Although I prefer the 5 for 5 concept because it proactively obtains prospect names and contact information, some organizations don't want to be responsible for the passes, nor do they want to sell on behalf of one for-profit organization. In an effort to make it as easy as possible for any organization big, small, young or old, to tap into this type of fundraising effort, our Australian distributor, Jamie Hayes, created a second option. Instead of selling the passes, the organization simply distributes the passes around town and receives $5 for every pass that is returned to the club for a tour.

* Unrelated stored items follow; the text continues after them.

section \<open>The integrals of products of primitives\<close>

lemma poly_integral_legendre_prim_poly_Suc_interior:
  assumes IH: "\<And>p k. n \<le> p \<Longrightarrow> k \<le> p \<Longrightarrow>
      poly_integral (legendre_prim_poly (p + k) n * legendre_prim_poly (p - k) n) = gram_formula n p k"
    and "Suc n \<le> p" and "k < p"
  shows "poly_integral (legendre_prim_poly (p + k) (Suc n) * legendre_prim_poly (p - k) (Suc n)) =
           gram_formula (Suc n) p k"
proof -
  define i j where "i = p + k - 1" and "j = p - k - 1"
  have ij: "p + k = Suc i" "p - k = Suc j" "Suc p - k = Suc (Suc j)" "p - Suc k = j"
    using assms by (simp_all add: i_def j_def)
  have "poly_integral (legendre_prim_poly (Suc (Suc i)) n * legendre_prim_poly (Suc (Suc j)) n) =
          gram_formula n (Suc p) k"
    using IH[of "Suc p" k] assms ij by simp
  moreover have "poly_integral (legendre_prim_poly (Suc (Suc i)) n * legendre_prim_poly j n) =
          gram_formula n p (Suc k)"
    using IH[of p "Suc k"] assms ij by simp
  moreover have "poly_integral (legendre_prim_poly i n * legendre_prim_poly (Suc (Suc j)) n) =
          gram_formula n p (if k = 0 then 1 else k - 1)"
  proof (cases k)
    case 0
    then show ?thesis
      using IH[of p 1] assms ij by (simp add: mult.commute)
  next
    case (Suc m)
    with ij have "i = p + m" "Suc (Suc j) = p - m"
      by simp_all
    then show ?thesis
      using IH[of p m] assms Suc by simp
  qed
  moreover have "poly_integral (legendre_prim_poly i n * legendre_prim_poly j n) = gram_formula n (p - 1) k"
    using IH[of "p - 1" k] assms ij by simp
  moreover have "(2 * real i + 3) * (2 * real j + 3) = (2 * real p + 2 * real k + 1) * (2 * real p - 2 * real k + 1)"
    using assms by (simp add: i_def j_def of_nat_diff algebra_simps)
  ultimately have "(2 * real i + 3) * (2 * real j + 3) *
      poly_integral (legendre_prim_poly (Suc i) (Suc n) * legendre_prim_poly (Suc j) (Suc n)) =
      (2 * real i + 3) * (2 * real j + 3) * gram_formula (Suc n) p k"
    using poly_integral_legendre_prim_poly_Suc_Suc[of i j n] gram_formula_recurrence[of p k n] assms
    by simp
  then show ?thesis
    unfolding ij by (simp add: add_pos_pos)
qed

lemma poly_integral_legendre_prim_poly_Suc_boundary:
  assumes IH: "\<And>p k. n \<le> p \<Longrightarrow> k \<le> p \<Longrightarrow>
      poly_integral (legendre_prim_poly (p + k) n * legendre_prim_poly (p - k) n) = gram_formula n p k"
    and "Suc n \<le> p"
  shows "poly_integral (legendre_prim_poly (p + p) (Suc n) * legendre_prim_poly 0 (Suc n)) =
           gram_formula (Suc n) p p"
proof -
  define i where "i = 2 * p - 1"
  have i: "p + p = Suc i" "real i = 2 * real p - 1"
    using assms by (simp_all add: i_def of_nat_diff)
  have Z: "poly_integral (legendre_prim_poly (Suc (Suc i)) n * legendre_prim_poly 0 n) = 0"
    "poly_integral (legendre_prim_poly i n * legendre_prim_poly 0 n) = 0"
    using degree_legendre_prim_poly_0_le[of n] assms
    by (auto simp: i_def intro!: poly_integral_legendre_prim_poly_mult_eq_0)
  have I1: "poly_integral (legendre_prim_poly (Suc (Suc i)) n * legendre_prim_poly 1 n) =
          gram_formula n (Suc p) p"
    using IH[of "Suc p" p] assms i by simp
  have I2: "poly_integral (legendre_prim_poly i n * legendre_prim_poly 1 n) = gram_formula n p (p - 1)"
    using IH[of p "p - 1"] assms i by (simp add: i_def)
  have "gram_formula n p (Suc p) = 0" "gram_formula n (p - 1) p = 0"
    using assms by (simp_all add: gram_formula_eq_0)
  then have R: "(2 * real i + 3) * gram_formula (Suc n) p p = gram_formula n (Suc p) p - gram_formula n p (p - 1)"
    unfolding i(2) using gram_formula_recurrence[of p p n] assms(2) by (simp add: algebra_simps)
  have "(2 * real i + 3) * poly_integral (legendre_prim_poly (Suc i) (Suc n) * legendre_prim_poly 0 (Suc n)) =
      (2 * real i + 3) * gram_formula (Suc n) p p"
    unfolding poly_integral_legendre_prim_poly_Suc_0 Z I1 I2 R by simp
  then show ?thesis
    unfolding i(1) by (simp add: add_pos_pos)
qed

lemma poly_integral_legendre_prim_poly_eq_gram_formula:
  "n \<le> p \<Longrightarrow> k \<le> p \<Longrightarrow>
     poly_integral (legendre_prim_poly (p + k) n * legendre_prim_poly (p - k) n) = gram_formula n p k"
proof (induction n arbitrary: p k)
  case 0
  show ?case
  proof (cases "k = 0")
    case True
    then show ?thesis
      by (simp add: poly_integral_legendre_poly_square gram_formula_def gram_coeff_def gram_prod_def)
  next
    case False
    then show ?thesis
      using legendre_poly_orthogonal[of "p + k" "p - k"] by (simp add: gram_formula_eq_0)
  qed
next
  case (Suc n)
  consider "k < p" | "k = p"
    using Suc.prems by linarith
  then show ?case
  proof cases
    case 1
    then show ?thesis
      using Suc by (intro poly_integral_legendre_prim_poly_Suc_interior) auto
  next
    case 2
    then show ?thesis
      using Suc poly_integral_legendre_prim_poly_Suc_boundary[of n p] by simp
  qed
qed

theorem proposition3:
  fixes n p k :: nat
  assumes "p \<ge> n" and "k \<le> p"
  shows "integral {-1..1} (\<lambda>x. legendre_prim (p + k) n x * legendre_prim (p - k) n x) =
    (if k \<le> n then
       (-1) ^ k * (2 ^ (n + 1) * fact n / (fact (n + k) * fact (n - k)))
         * (1 / (2 * real p + 1))
         * (\<Prod>i = 1..n. (2 * real i - 1) / ((2 * real p + 1)^2 - 4 * (real i)^2))
     else 0)"
proof -
  have "integral {-1..1} (\<lambda>x. legendre_prim (p + k) n x * legendre_prim (p - k) n x) =
        poly_integral (legendre_prim_poly (p + k) n * legendre_prim_poly (p - k) n)"
    unfolding poly_integral_def by (rule integral_cong) (simp add: legendre_prim_eq_poly)
  also have "\<dots> = gram_formula n p k"
    using assms by (rule poly_integral_legendre_prim_poly_eq_gram_formula)
  finally show ?thesis
    by (simp add: gram_formula_def gram_coeff_def gram_prod_def)
qed

end
lemma Schur_test:
  fixes k :: "'a \<Rightarrow> 'b \<Rightarrow> ennreal"
  assumes dominated: "\<And>x. u x \<le> (\<integral>\<^sup>+y. k x y * v y \<partial>count_space UNIV)"
    and rows: "\<And>x. (\<integral>\<^sup>+y. k x y \<partial>count_space UNIV) \<le> A"
    and columns: "\<And>y. (\<integral>\<^sup>+x. k x y \<partial>count_space UNIV) \<le> B"
  shows "nn_square_sum u \<le> A * B * nn_square_sum v"
proof -
  have "nn_square_sum u \<le> (\<integral>\<^sup>+x. A * (\<integral>\<^sup>+y. k x y * (v y)\<^sup>2 \<partial>count_space UNIV) \<partial>count_space UNIV)"
    unfolding nn_square_sum_def
  proof (intro nn_integral_mono)
    fix x
    have "(u x)\<^sup>2 \<le> (\<integral>\<^sup>+y. k x y * v y \<partial>count_space UNIV)\<^sup>2"
      by (intro power_mono dominated) auto
    also have "\<dots> \<le> (\<integral>\<^sup>+y. k x y \<partial>count_space UNIV) * (\<integral>\<^sup>+y. k x y * (v y)\<^sup>2 \<partial>count_space UNIV)"
      by (rule nn_integral_weighted_Cauchy_Schwarz) auto
    also have "\<dots> \<le> A * (\<integral>\<^sup>+y. k x y * (v y)\<^sup>2 \<partial>count_space UNIV)"
      by (intro mult_right_mono rows) auto
    finally show "(u x)\<^sup>2 \<le> A * (\<integral>\<^sup>+y. k x y * (v y)\<^sup>2 \<partial>count_space UNIV)" .
  qed
  also have "\<dots> = A * (\<integral>\<^sup>+y. (\<integral>\<^sup>+x. k x y \<partial>count_space UNIV) * (v y)\<^sup>2 \<partial>count_space UNIV)"
    by (simp add: nn_integral_cmult nn_integral_count_space_swap[of "\<lambda>x y. k x y * (v y)\<^sup>2"]
        nn_integral_multc)
  also have "\<dots> \<le> A * (\<integral>\<^sup>+y. B * (v y)\<^sup>2 \<partial>count_space UNIV)"
    by (intro mult_left_mono nn_integral_mono mult_right_mono columns) auto
  also have "\<dots> = A * B * nn_square_sum v"
    by (simp add: nn_square_sum_def nn_integral_cmult mult_ac)
  finally show ?thesis .
qed
(* Let $M$ be a von Neumann algebra acting on a Hilbert space $H$, let $a \in [0,1]_M$ be strict in $M$, and let $p \in M$ be a projection. Write $a = \begin{bmatrix} a_{11} & a_{12} \\ a_{12}^* & a_{22}\end{bmatrix}$ with respect to $\{p, 1-p\}$, i.e. $a_{11} = pap$, $a_{12} = pa(1-p)$, $a_{22} = (1-p)a(1-p)$. Then $a_{11} \in [0,p]$ is strict in the von Neumann algebra $pMp$ and $a_{22} \in [0,1-p]$ is strict in the von Neumann algebra $(1-p)M(1-p)$.
   Context: For a von Neumann algebra $N$ with unit $1_N$, $[0,1]_N = \{x \in N : 0 \le x \le 1_N\}$, and $\mathcal{P}(N)$ is the set of projections of $N$. For $x \in [0,1]_N$ define $s(x) = \sup\{q \in \mathcal{P}(N) : q \le x\}$ and $n(x) = \sup\{q \in \mathcal{P}(N) : qx = 0\}$; $x$ is called strict in $N$ if $s(x) = 0$ and $n(x) = 0$. The algebras $pMp$ and $(1-p)M(1-p)$ are regarded as von Neumann algebras with units $p$ and $1-p$ respectively. *)

theory Defs
  imports "HOL-Analysis.Analysis"
begin

class complex_vector = real_vector +
  fixes scaleC :: "complex \<Rightarrow> 'a \<Rightarrow> 'a"
  assumes scaleC_add_right: "scaleC c (x + y) = scaleC c x + scaleC c y"
    and scaleC_add_left: "scaleC (c + d) x = scaleC c x + scaleC d x"
    and scaleC_scaleC: "scaleC c (scaleC d x) = scaleC (c * d) x"
    and scaleC_one: "scaleC 1 x = x"
    and scaleR_scaleC: "scaleR r x = scaleC (complex_of_real r) x"

class complex_inner = complex_vector + real_normed_vector +
  fixes cinner :: "'a \<Rightarrow> 'a \<Rightarrow> complex"
  assumes cinner_commute: "cinner x y = cnj (cinner y x)"
    and cinner_add_left: "cinner (x + y) z = cinner x z + cinner y z"
    and cinner_scaleC_left: "cinner (scaleC c x) y = cnj c * cinner x y"
    and cinner_self_real: "Im (cinner x x) = 0"
    and cinner_self_nonneg: "0 \<le> Re (cinner x x)"
    and cinner_self_eq_zero: "cinner x x = 0 \<longleftrightarrow> x = 0"
    and norm_eq_sqrt_cinner: "norm x = sqrt (Re (cinner x x))"

class chilbert_space = complex_inner + complete_space

definition bounded_clinear :: "('h::complex_inner \<Rightarrow> 'h) \<Rightarrow> bool" where
  "bounded_clinear T \<longleftrightarrow>
     (\<forall>x y. T (x + y) = T x + T y) \<and> (\<forall>c x. T (scaleC c x) = scaleC c (T x)) \<and>
     (\<exists>K. \<forall>x. norm (T x) \<le> norm x * K)"

definition adj :: "('h::complex_inner \<Rightarrow> 'h) \<Rightarrow> ('h \<Rightarrow> 'h)" where
  "adj T = (\<lambda>y. THE z. \<forall>x. cinner (T x) y = cinner x z)"

definition op_pos :: "('h::complex_inner \<Rightarrow> 'h) \<Rightarrow> bool" where
  "op_pos T \<longleftrightarrow> (\<forall>x. Im (cinner x (T x)) = 0 \<and> 0 \<le> Re (cinner x (T x)))"

definition op_le :: "('h::complex_inner \<Rightarrow> 'h) \<Rightarrow> ('h \<Rightarrow> 'h) \<Rightarrow> bool" where
  "op_le S T \<longleftrightarrow> op_pos (\<lambda>x. T x - S x)"

definition commutant :: "('h::complex_inner \<Rightarrow> 'h) set \<Rightarrow> ('h \<Rightarrow> 'h) set" where
  "commutant S = {T. bounded_clinear T \<and> (\<forall>A\<in>S. T \<circ> A = A \<circ> T)}"

text \<open>Von Neumann algebra on H: a self-adjoint set of bounded operators equal to its
  double commutant (equivalently, by the bicommutant theorem, a unital
  weak-operator-closed *-subalgebra of B(H)).\<close>
definition von_neumann_algebra :: "('h::chilbert_space \<Rightarrow> 'h) set \<Rightarrow> bool" where
  "von_neumann_algebra M \<longleftrightarrow>
     (\<forall>T\<in>M. bounded_clinear T) \<and> (\<forall>T\<in>M. adj T \<in> M) \<and> commutant (commutant M) = M"

definition op_interval :: "('h::complex_inner \<Rightarrow> 'h) set \<Rightarrow> ('h \<Rightarrow> 'h) \<Rightarrow> ('h \<Rightarrow> 'h) set" where
  "op_interval N e = {x\<in>N. op_le (\<lambda>_. 0) x \<and> op_le x e}"

definition projections :: "('h::complex_inner \<Rightarrow> 'h) set \<Rightarrow> ('h \<Rightarrow> 'h) set" where
  "projections N = {q\<in>N. q \<circ> q = q \<and> adj q = q}"

definition proj_sup :: "('h::complex_inner \<Rightarrow> 'h) set \<Rightarrow> ('h \<Rightarrow> 'h) set \<Rightarrow> ('h \<Rightarrow> 'h)" where
  "proj_sup N Q = (THE s. s \<in> projections N \<and> (\<forall>q\<in>Q. op_le q s) \<and>
                          (\<forall>r\<in>projections N. (\<forall>q\<in>Q. op_le q r) \<longrightarrow> op_le s r))"

definition s_supp :: "('h::complex_inner \<Rightarrow> 'h) set \<Rightarrow> ('h \<Rightarrow> 'h) \<Rightarrow> ('h \<Rightarrow> 'h)" where
  "s_supp N x = proj_sup N {q\<in>projections N. op_le q x}"

definition n_supp :: "('h::complex_inner \<Rightarrow> 'h) set \<Rightarrow> ('h \<Rightarrow> 'h) \<Rightarrow> ('h \<Rightarrow> 'h)" where
  "n_supp N x = proj_sup N {q\<in>projections N. q \<circ> x = (\<lambda>_. 0)}"

definition strict_in :: "('h::complex_inner \<Rightarrow> 'h) set \<Rightarrow> ('h \<Rightarrow> 'h) \<Rightarrow> bool" where
  "strict_in N x \<longleftrightarrow> s_supp N x = (\<lambda>_. 0) \<and> n_supp N x = (\<lambda>_. 0)"

text \<open>Corner algebra qMq (as a set of operators on H, unit q).\<close>
definition corner :: "('h \<Rightarrow> 'h) \<Rightarrow> ('h \<Rightarrow> 'h) set \<Rightarrow> ('h \<Rightarrow> 'h) set" where
  "corner q M = (\<lambda>x. q \<circ> x \<circ> q) ` M"

end

(* Strictness of a means that a has no nonzero fixed vector and no nonzero null vector:
   the orthogonal projections onto the fixed space and onto the kernel of a commute with
   the commutant of M, hence lie in M, and they are the largest projections below a,
   respectively annihilating a, i.e. they are s(a) and n(a).
   In the corner pMp, a projection q below pap satisfies <y, y> <= <y, a y> on its range,
   which lies in the range of p; since a <= 1 this forces a y = y, so q = 0.  Likewise
   q pap = 0 gives <y, a y> = 0 on the range of q, so a y = 0 by positivity and q = 0.
   The same applies to the projection 1 - p. *)
theory Submission
  imports Defs
begin

lemma cinner_add_right: "cinner x (y + z) = cinner x y + cinner x z"
  by (metis cinner_commute cinner_add_left complex_cnj_add)

lemma cinner_scaleC_right: "cinner x (scaleC c y) = c * cinner x y"
  by (metis cinner_commute cinner_scaleC_left complex_cnj_cnj complex_cnj_mult)

lemma cinner_zero_left [simp]: "cinner 0 y = 0"
  using cinner_add_left[of 0 0 y] by simp

lemma cinner_zero_right [simp]: "cinner x 0 = 0"
  using cinner_add_right[of x 0 0] by simp

lemma scaleC_minus1_left: "scaleC (-1) x = - x"
  by (metis scaleR_scaleC scaleR_minus1_left of_real_1 of_real_minus)

lemma scaleC_zero_right [simp]: "scaleC c 0 = 0"
  using scaleC_add_right[of c 0 0] by simp

lemma scaleC_diff_right: "scaleC c (x - y) = scaleC c x - scaleC c y"
  by (metis add_diff_cancel scaleC_add_right diff_add_cancel)

lemma cinner_diff_left: "cinner (x - y) z = cinner x z - cinner y z"
  by (metis add_diff_cancel cinner_add_left diff_add_cancel)

lemma cinner_diff_right: "cinner x (y - z) = cinner x y - cinner x z"
  by (metis add_diff_cancel cinner_add_right diff_add_cancel)

lemma cinner_scaleR_left: "cinner (scaleR r x) y = of_real r * cinner x y"
  by (simp add: scaleR_scaleC cinner_scaleC_left)

lemma cinner_scaleR_right: "cinner x (scaleR r y) = of_real r * cinner x y"
  by (simp add: scaleR_scaleC cinner_scaleC_right)

lemma cinner_self_eq_norm: "cinner x x = complex_of_real ((norm x)\<^sup>2)"
  using cinner_self_real[of x] cinner_self_nonneg[of x] norm_eq_sqrt_cinner[of x]
  by (simp add: complex_eq_iff)

lemma power2_norm_eq_cinner: "(norm x)\<^sup>2 = Re (cinner x x)"
  by (simp add: cinner_self_eq_norm)

lemma cinner_ext:
  assumes "\<And>z. cinner z x = cinner z y"
  shows "x = y"
proof -
  have "cinner (x - y) (x - y) = 0" using assms by (simp add: cinner_diff_right)
  then show ?thesis by (simp add: cinner_self_eq_zero)
qed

Some club operators balk at the thought of paying someone $5 for a tour, but the reality of the situation is that a club's average lead acquisition cost is much higher, making this a low-cost lead. Remember, the $5 is only given for a complete tour and presentation. You can also spice up this promotion by having an interscholastic competition, giving the school that has the most guest passes returned a prize of $500. This type of twist takes more organizational skills to keep the competition interesting and growing, and you need to set a minimum number of returns in order to receive the prize, but taking the time and effort should pay off in the increased number of guest passes hitting your community and the possible PR that could come out of the competition.
The final offbeat promotion is an internal marketing idea. It is another twist on a successful promotion that was covered in a previous year's Marketing Matters. Some of you may remember the birthday card promotion. This is where the names and addresses of people whose birthday it is that month are obtained and a card is sent to them. Inside the card is a trial membership to the club, usually for 30 days. To increase response rate our centers have also given the recipient a free mini-facial. Of course, a club that does not offer aesthetic treatments could add something else, like a personal training session.
The twist came from a women's-only facility that offered to each birthday card recipient a gift box that was filled with a variety of goodies like a t-shirt, water bottle, sweat towel and diet booklet. The direct mail piece that was sent had a picture of the gift-wrapped box and the side panel had a photo that showed all the enclosed goodies. The addition of the photograph of goodies dramatically increased the response rate to the mailing. When they arrived at the facility, a gift box was wrapped for the birthday guest and was handed to her at check in, which increased rapport and comfort level because the guest stopped being suspicious about a potential “bait and switch” promotion. Although the cost of each tour increased by almost $7, the added number of responses and ultimate sales was worth the investment. Furthermore, the potential for future sales of missed guests was higher because the gifts were fitness oriented — almost all the people who responded had some level of interest in fitness. Therefore, with a good missed guest sales strategy, this promotion can create two waves of sales; the immediate sales from the tours and the future sales from follow up.
Whether using door hangers at clothing stores or laundromats, creating a 5 for 5 guest pass program or taking the time to run a birthday card promotion, these are offbeat marketing ideas that you don't see being used much in the club business. Finding creative ways to attract prospects at low cost is the only way many smaller, owner-operated fitness centers will survive in today's competitive market. It may take time and energy to plan and execute the ideas we have discussed over the past eight months, but doing so will lead to more prospects and a greater level of success.